Task -> Give only the number of lines in the following entries where "induction" appears.

Recorded data ->
(* Let $\mathcal C$ be a concept hierarchy, $r_1,r_2,\epsilon\in[0,1]$ with $r_1\le r_2(1-\epsilon)$, $m$ a positive integer, and let $\mathcal H$ be the network defined below with a fixed failed set $F$ satisfying the stated constraint. Then for every $B\subseteq C_0$ presented at time 0 and every $c\in supp_{r_2}(B)$, at least $m(1-\epsilon)$ of the neurons $v\in reps(c)$ fire at time $level(c)$.
   Context: Concept hierarchies: fix positive integers $\ell_{max},n,k$. A universal set $D$ of concepts is partitioned into disjoint sets $D_0,\dots,D_{\ell_{max}}$ with $|D_0|=n$; $level(c)=\ell$ for $c\in D_\ell$. A concept hierarchy $\mathcal C$ consists of $C\subseteq D$, with $C_\ell=C\cap D_\ell$, and for each $c\in C_\ell$ with $1\le\ell\le\ell_{max}$ a set $children(c)\subseteq C_{\ell-1}$, such that $|C_{\ell_{max}}|=k$, $|children(c)|=k$ for all such $c$, and $children(c)\cap children(c')=\emptyset$ for distinct $c,c'\in C_\ell$. For $B\subseteq D_0$ and $r\in[0,1]$: $B(0)=B\cap C_0$; for $1\le\ell\le\ell_{max}$, $B(\ell)=\{c\in C_\ell:|children(c)\cap B(\ell-1)|\ge rk\}$; $supp_r(B)=\bigcup_{\ell}B(\ell)$. Network $\mathcal H$: neurons partitioned into layers $N_0,\dots,N_{\ell_{max}}$. Each $c\in D_0$ has a set $reps(c)$ of $m$ neurons in $N_0$, each $c\in C$ with $level(c)\ge1$ a set $reps(c)$ of $m$ neurons in $N_{level(c)}$, all pairwise disjoint. For $u\in N_{\ell-1}$, $v\in N_\ell$: $w(u,v)=1$ iff $v\in reps(c)$ and $u\in reps(c')$ for a child $c'$ of $c$, else $0$. Threshold $\tau=r_2km(1-\epsilon)$. A fixed set $F$ of neurons is failed (failed neurons never fire), such that for every concept $c$ at least $m(1-\epsilon)$ neurons of $reps(c)$ are not in $F$. Input $B\subseteq C_0$ presented at time 0: a layer-0 neuron fires at time 0 iff it is in $\bigcup_{b\in B}reps(b)\setminus F$, and no layer-0 neuron fires at any other time. A non-failed $v\in N_\ell$, $\ell\ge1$, does not fire at time 0 and fires at time $t\ge1$ iff $\sum_{u\in N_{\ell-1}}w(u,v)x_u(t-1)\ge\tau$, where $x_u(s)\in\{0,1\}$ indicates whether $u$ fires at time $s$. *)

theory Defs
  imports Complex_Main
begin

text \<open>D is the universal set of concepts, level gives the layer
  (D_l = {c \<in> D. level c = l}), C is the set of concepts of the hierarchy,
  children gives the children of concepts of level at least 1.\<close>

definition concept_hierarchy ::
  "nat \<Rightarrow> nat \<Rightarrow> nat \<Rightarrow> 'c set \<Rightarrow> ('c \<Rightarrow> nat) \<Rightarrow> 'c set \<Rightarrow> ('c \<Rightarrow> 'c set) \<Rightarrow> bool" where
  "concept_hierarchy lmax n k D level C children \<longleftrightarrow>
     (\<forall>c\<in>D. level c \<le> lmax) \<and>
     card {c\<in>D. level c = 0} = n \<and>
     C \<subseteq> D \<and>
     card {c\<in>C. level c = lmax} = k \<and>
     (\<forall>c\<in>C. 1 \<le> level c \<longrightarrow>
        children c \<subseteq> {c'\<in>C. level c' = level c - 1} \<and> card (children c) = k) \<and>
     (\<forall>c\<in>C. \<forall>c'\<in>C. 1 \<le> level c \<and> level c' = level c \<and> c \<noteq> c' \<longrightarrow>
        children c \<inter> children c' = {})"

fun Blev :: "('c \<Rightarrow> nat) \<Rightarrow> 'c set \<Rightarrow> ('c \<Rightarrow> 'c set) \<Rightarrow> nat \<Rightarrow> real \<Rightarrow> 'c set \<Rightarrow> nat \<Rightarrow> 'c set" where
  "Blev level C children k r B 0 = B \<inter> {c\<in>C. level c = 0}"
| "Blev level C children k r B (Suc l) =
     {c\<in>C. level c = Suc l \<and>
        real (card (children c \<inter> Blev level C children k r B l)) \<ge> r * real k}"

definition supp :: "nat \<Rightarrow> ('c \<Rightarrow> nat) \<Rightarrow> 'c set \<Rightarrow> ('c \<Rightarrow> 'c set) \<Rightarrow> nat \<Rightarrow> real \<Rightarrow> 'c set \<Rightarrow> 'c set" where
  "supp lmax level C children k r B = (\<Union>l\<in>{0..lmax}. Blev level C children k r B l)"

definition network ::
  "nat \<Rightarrow> 'c set \<Rightarrow> ('c \<Rightarrow> nat) \<Rightarrow> 'c set \<Rightarrow> 'n set \<Rightarrow> ('n \<Rightarrow> nat) \<Rightarrow> ('c \<Rightarrow> 'n set) \<Rightarrow> nat \<Rightarrow> bool" where
  "network lmax D level C N layer reps m \<longleftrightarrow>
     finite N \<and> (\<forall>u\<in>N. layer u \<le> lmax) \<and>
     (\<forall>c\<in>{c\<in>D. level c = 0} \<union> C.
        reps c \<subseteq> {u\<in>N. layer u = level c} \<and> card (reps c) = m) \<and>
     (\<forall>c\<in>{c\<in>D. level c = 0} \<union> C. \<forall>c'\<in>{c\<in>D. level c = 0} \<union> C.
        c \<noteq> c' \<longrightarrow> reps c \<inter> reps c' = {})"

text \<open>Weight w(u,v) (only used for u in layer l-1 and v in layer l).\<close>
definition weight ::
  "('c \<Rightarrow> nat) \<Rightarrow> 'c set \<Rightarrow> ('c \<Rightarrow> 'c set) \<Rightarrow> ('c \<Rightarrow> 'n set) \<Rightarrow> 'n \<Rightarrow> 'n \<Rightarrow> real" where
  "weight level C children reps u v =
     (if \<exists>c\<in>C. 1 \<le> level c \<and> v \<in> reps c \<and> (\<exists>c'\<in>children c. u \<in> reps c') then 1 else 0)"

fun fires ::
  "'n set \<Rightarrow> ('n \<Rightarrow> nat) \<Rightarrow> ('c \<Rightarrow> nat) \<Rightarrow> 'c set \<Rightarrow> ('c \<Rightarrow> 'c set) \<Rightarrow> ('c \<Rightarrow> 'n set) \<Rightarrow>
   'n set \<Rightarrow> 'c set \<Rightarrow> real \<Rightarrow> nat \<Rightarrow> 'n \<Rightarrow> bool" where
  "fires N layer level C children reps F B tau 0 u =
     (u \<in> N \<and> u \<notin> F \<and> layer u = 0 \<and> u \<in> (\<Union>b\<in>B. reps b))"
| "fires N layer level C children reps F B tau (Suc t) u =
     (u \<in> N \<and> u \<notin> F \<and> 1 \<le> layer u \<and>
      (\<Sum>u'\<in>{u'\<in>N. layer u' = layer u - 1}.
          weight level C children reps u' u *
          (if fires N layer level C children reps F B tau t u' then 1 else 0)) \<ge> tau)"

end

theory Submission
  imports Defs
begin

text \<open>By induction on \<open>l\<close>, every non-failed representative of a concept in \<open>B(l)\<close> fires at
  time \<open>l\<close>. A concept \<open>c \<in> B(l+1)\<close> has at least \<open>r\<^sub>2k\<close> children in \<open>B(l)\<close>; their sets of
  non-failed representatives are disjoint, each has at least \<open>m(1-\<epsilon>)\<close> elements, all fire
  at time \<open>l\<close>, and all are joined with weight 1 to each representative of \<open>c\<close>. So every
  non-failed representative of \<open>c\<close> receives input at least \<open>r\<^sub>2km(1-\<epsilon>) = \<tau>\<close>.\<close>

lemma Blev_subset: "Blev level C children k r B l \<subseteq> {x\<in>C. level x = l}"
  by (cases l) auto

lemma Blev_level_if_supp:
  "c \<in> supp lmax level C children k r B \<Longrightarrow> c \<in> Blev level C children k r B (level c)"
  unfolding supp_def using Blev_subset by fastforce

lemma card_UN_disjoint_ge:
  assumes "finite I" and "\<forall>i\<in>I. finite (A i)"
    and "\<forall>i\<in>I. \<forall>j\<in>I. i \<noteq> j \<longrightarrow> A i \<inter> A j = {}"
    and "\<forall>i\<in>I. q \<le> real (card (A i))"
  shows "real (card I) * q \<le> real (card (\<Union>i\<in>I. A i))"
proof -
  have "real (card I) * q = (\<Sum>i\<in>I. q)" by simp
  also have "\<dots> \<le> (\<Sum>i\<in>I. real (card (A i)))" using assms(4) by (intro sum_mono) blast
  also have "\<dots> = real (card (\<Union>i\<in>I. A i))"
    using card_UN_disjoint[OF assms(1-3)] by simp
  finally show ?thesis .
qed

lemma weight_child_rep:
  assumes "x \<in> C" "1 \<le> level x" "v \<in> reps x" "y \<in> children x" "u \<in> reps y"
  shows "weight level C children reps u v = 1"
  using assms unfolding weight_def by auto

lemma fires_SucI:
  assumes "finite N" "v \<in> N" "v \<notin> F" "layer v = Suc l"
    and "S \<subseteq> {u\<in>N. layer u = l}"
    and "\<forall>u\<in>S. fires N layer level C children reps F B tau l u
                \<and> weight level C children reps u v = 1"
    and "tau \<le> real (card S)"
  shows "fires N layer level C children reps F B tau (Suc l) v"
proof -
  let ?input = "\<lambda>u. weight level C children reps u v *
                     (if fires N layer level C children reps F B tau l u then 1 else 0)"
  have "tau \<le> (\<Sum>u\<in>S. ?input u)" using assms(6,7) by simp
  also have "\<dots> \<le> (\<Sum>u\<in>{u\<in>N. layer u = l}. ?input u)"
    using assms(1,5) by (intro sum_mono2) (auto simp: weight_def)
  finally show ?thesis using assms(2-4) by simp
qed

lemma concept_hierarchy_children:
  assumes "concept_hierarchy lmax n k D level C children" "0 < k" "x \<in> C" "level x = Suc l"
  shows "children x \<subseteq> {y\<in>C. level y = l}" and "finite (children x)"
proof -
  have "\<forall>c\<in>C. 1 \<le> level c \<longrightarrow>
          children c \<subseteq> {y\<in>C. level y = level c - 1} \<and> card (children c) = k"
    using assms(1) unfolding concept_hierarchy_def by blast
  from bspec[OF this assms(3)]
  have "children x \<subseteq> {y\<in>C. level y = level x - 1} \<and> card (children x) = k"
    using assms(4) by simp
  then show "children x \<subseteq> {y\<in>C. level y = l}" and "finite (children x)"
    using assms(2,4) by (auto intro: card_ge_0_finite)
qed

lemma network_reps:
  assumes "network lmax D level C N layer reps m" "x \<in> {c\<in>D. level c = 0} \<union> C"
  shows "reps x \<subseteq> {u\<in>N. layer u = level x}" and "finite (reps x)"
proof -
  show layer: "reps x \<subseteq> {u\<in>N. layer u = level x}"
    using assms unfolding network_def by blast
  have "finite N" using assms(1) unfolding network_def by blast
  then have "finite {u\<in>N. layer u = level x}" by simp
  then show "finite (reps x)" by (rule finite_subset[OF layer])
qed

lemma network_card_alive_reps_ge:
  assumes NW: "network lmax D level C N layer reps m"
    and X: "finite X" "X \<subseteq> {c\<in>D. level c = 0} \<union> C"
    and alive: "\<forall>x\<in>X. q \<le> real (card (reps x - F))"
  shows "real (card X) * q \<le> real (card (\<Union>x\<in>X. reps x - F))"
proof (rule card_UN_disjoint_ge[OF X(1) _ _ alive])
  show "\<forall>x\<in>X. finite (reps x - F)" using network_reps(2)[OF NW] X(2) by blast
  show "\<forall>x\<in>X. \<forall>y\<in>X. x \<noteq> y \<longrightarrow> (reps x - F) \<inter> (reps y - F) = {}"
    using NW X(2) unfolding network_def by blast
qed

lemma Blev_reps_fire:
  assumes CH: "concept_hierarchy lmax n k D level C children" and "0 < k"
    and NW: "network lmax D level C N layer reps m"
    and alive: "\<forall>x\<in>C. q \<le> real (card (reps x - F))" and "0 \<le> q"
    and tau: "tau \<le> r * real k * q"
  shows "\<forall>x\<in>Blev level C children k r B l. \<forall>v\<in>reps x - F.
           fires N layer level C children reps F B tau l v"
proof (induction l)
  case 0
  show ?case using network_reps(1)[OF NW] by fastforce
next
  case (Suc l)
  have "C \<subseteq> D" and "finite N"
    using CH NW unfolding concept_hierarchy_def network_def by blast+
  then have reps_layer: "\<And>y. y \<in> C \<Longrightarrow> reps y \<subseteq> {u\<in>N. layer u = level y}"
    using network_reps(1)[OF NW] by blast
  show ?case
  proof (intro ballI)
    fix x v assume "x \<in> Blev level C children k r B (Suc l)" and v: "v \<in> reps x - F"
    then have x: "x \<in> C" "level x = Suc l"
      and many: "r * real k \<le> real (card (children x \<inter> Blev level C children k r B l))"
      by auto
    note children = concept_hierarchy_children[OF CH \<open>0 < k\<close> x]
    define X where "X = children x \<inter> Blev level C children k r B l"
    define S where "S = (\<Union>y\<in>X. reps y - F)"
    have "tau \<le> real (card X) * q"
      using tau mult_right_mono[OF many \<open>0 \<le> q\<close>] unfolding X_def by linarith
    also have "\<dots> \<le> real (card S)" unfolding S_def
      by (rule network_card_alive_reps_ge[OF NW])
         (use children \<open>C \<subseteq> D\<close> alive in \<open>auto simp: X_def\<close>)
    finally have enough: "tau \<le> real (card S)" .
    have S_fire: "\<forall>u\<in>S. fires N layer level C children reps F B tau l u
                      \<and> weight level C children reps u v = 1"
    proof
      fix u assume "u \<in> S"
      then obtain y where y: "y \<in> children x" "y \<in> Blev level C children k r B l"
        and u: "u \<in> reps y - F"
        unfolding S_def X_def by blast
      have "fires N layer level C children reps F B tau l u" using Suc.IH y(2) u by blast
      moreover have "weight level C children reps u v = 1"
        by (rule weight_child_rep) (use x v y u in auto)
      ultimately show "fires N layer level C children reps F B tau l u
                         \<and> weight level C children reps u v = 1" ..
    qed
    have S_layer: "S \<subseteq> {u\<in>N. layer u = l}"
      using children reps_layer unfolding S_def X_def by blast
    have "v \<in> N" "layer v = Suc l" using reps_layer[OF x(1)] x(2) v by auto
    then show "fires N layer level C children reps F B tau (Suc l) v"
      using fires_SucI[OF \<open>finite N\<close> _ _ _ S_layer S_fire enough] v by blast
  qed
qed

theorem theorem7p2:
  fixes lmax n k m :: nat
    and D C :: "'c set" and level :: "'c \<Rightarrow> nat" and children :: "'c \<Rightarrow> 'c set"
    and N F :: "'n set" and layer :: "'n \<Rightarrow> nat" and reps :: "'c \<Rightarrow> 'n set"
    and r1 r2 \<epsilon> :: real and B :: "'c set" and c :: 'c
  assumes "0 < lmax" "0 < n" "0 < k" "0 < m"
    and "concept_hierarchy lmax n k D level C children"
    and "0 \<le> r1" "r1 \<le> 1" "0 \<le> r2" "r2 \<le> 1" "0 \<le> \<epsilon>" "\<epsilon> \<le> 1"
    and "r1 \<le> r2 * (1 - \<epsilon>)"
    and "network lmax D level C N layer reps m"
    and "\<forall>c'\<in>{c'\<in>D. level c' = 0} \<union> C. real (card (reps c' - F)) \<ge> real m * (1 - \<epsilon>)"
    and "B \<subseteq> {c'\<in>C. level c' = 0}"
    and "c \<in> supp lmax level C children k r2 B"
  shows "real (card {v\<in>reps c.
            fires N layer level C children reps F B (r2 * real k * real m * (1 - \<epsilon>)) (level c) v})
         \<ge> real m * (1 - \<epsilon>)"
proof -
  let ?q = "real m * (1 - \<epsilon>)"
  let ?fires = "fires N layer level C children reps F B (r2 * real k * real m * (1 - \<epsilon>)) (level c)"
  have alive: "\<forall>x\<in>C. ?q \<le> real (card (reps x - F))" using assms(14) by blast
  have "0 \<le> ?q" using assms(11) by simp
  have c: "c \<in> Blev level C children k r2 B (level c)"
    using assms(16) by (rule Blev_level_if_supp)
  then have "c \<in> C" using Blev_subset[of level C children k r2 B "level c"] by blast
  have "r2 * real k * real m * (1 - \<epsilon>) \<le> r2 * real k * ?q" by (simp add: mult.assoc)
  from Blev_reps_fire[OF assms(5,3,13) alive \<open>0 \<le> ?q\<close> this]
  have "\<forall>v\<in>reps c - F. ?fires v" using c by blast
  then have "reps c - F \<subseteq> {v\<in>reps c. ?fires v}" by blast
  moreover have "finite (reps c)" using network_reps(2)[OF assms(13)] \<open>c \<in> C\<close> by blast
  ultimately have "real (card (reps c - F)) \<le> real (card {v\<in>reps c. ?fires v})"
    by (simp add: card_mono)
  moreover have "?q \<le> real (card (reps c - F))" using alive \<open>c \<in> C\<close> by blast
  ultimately show ?thesis by linarith
qed

end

Problem solution -> 2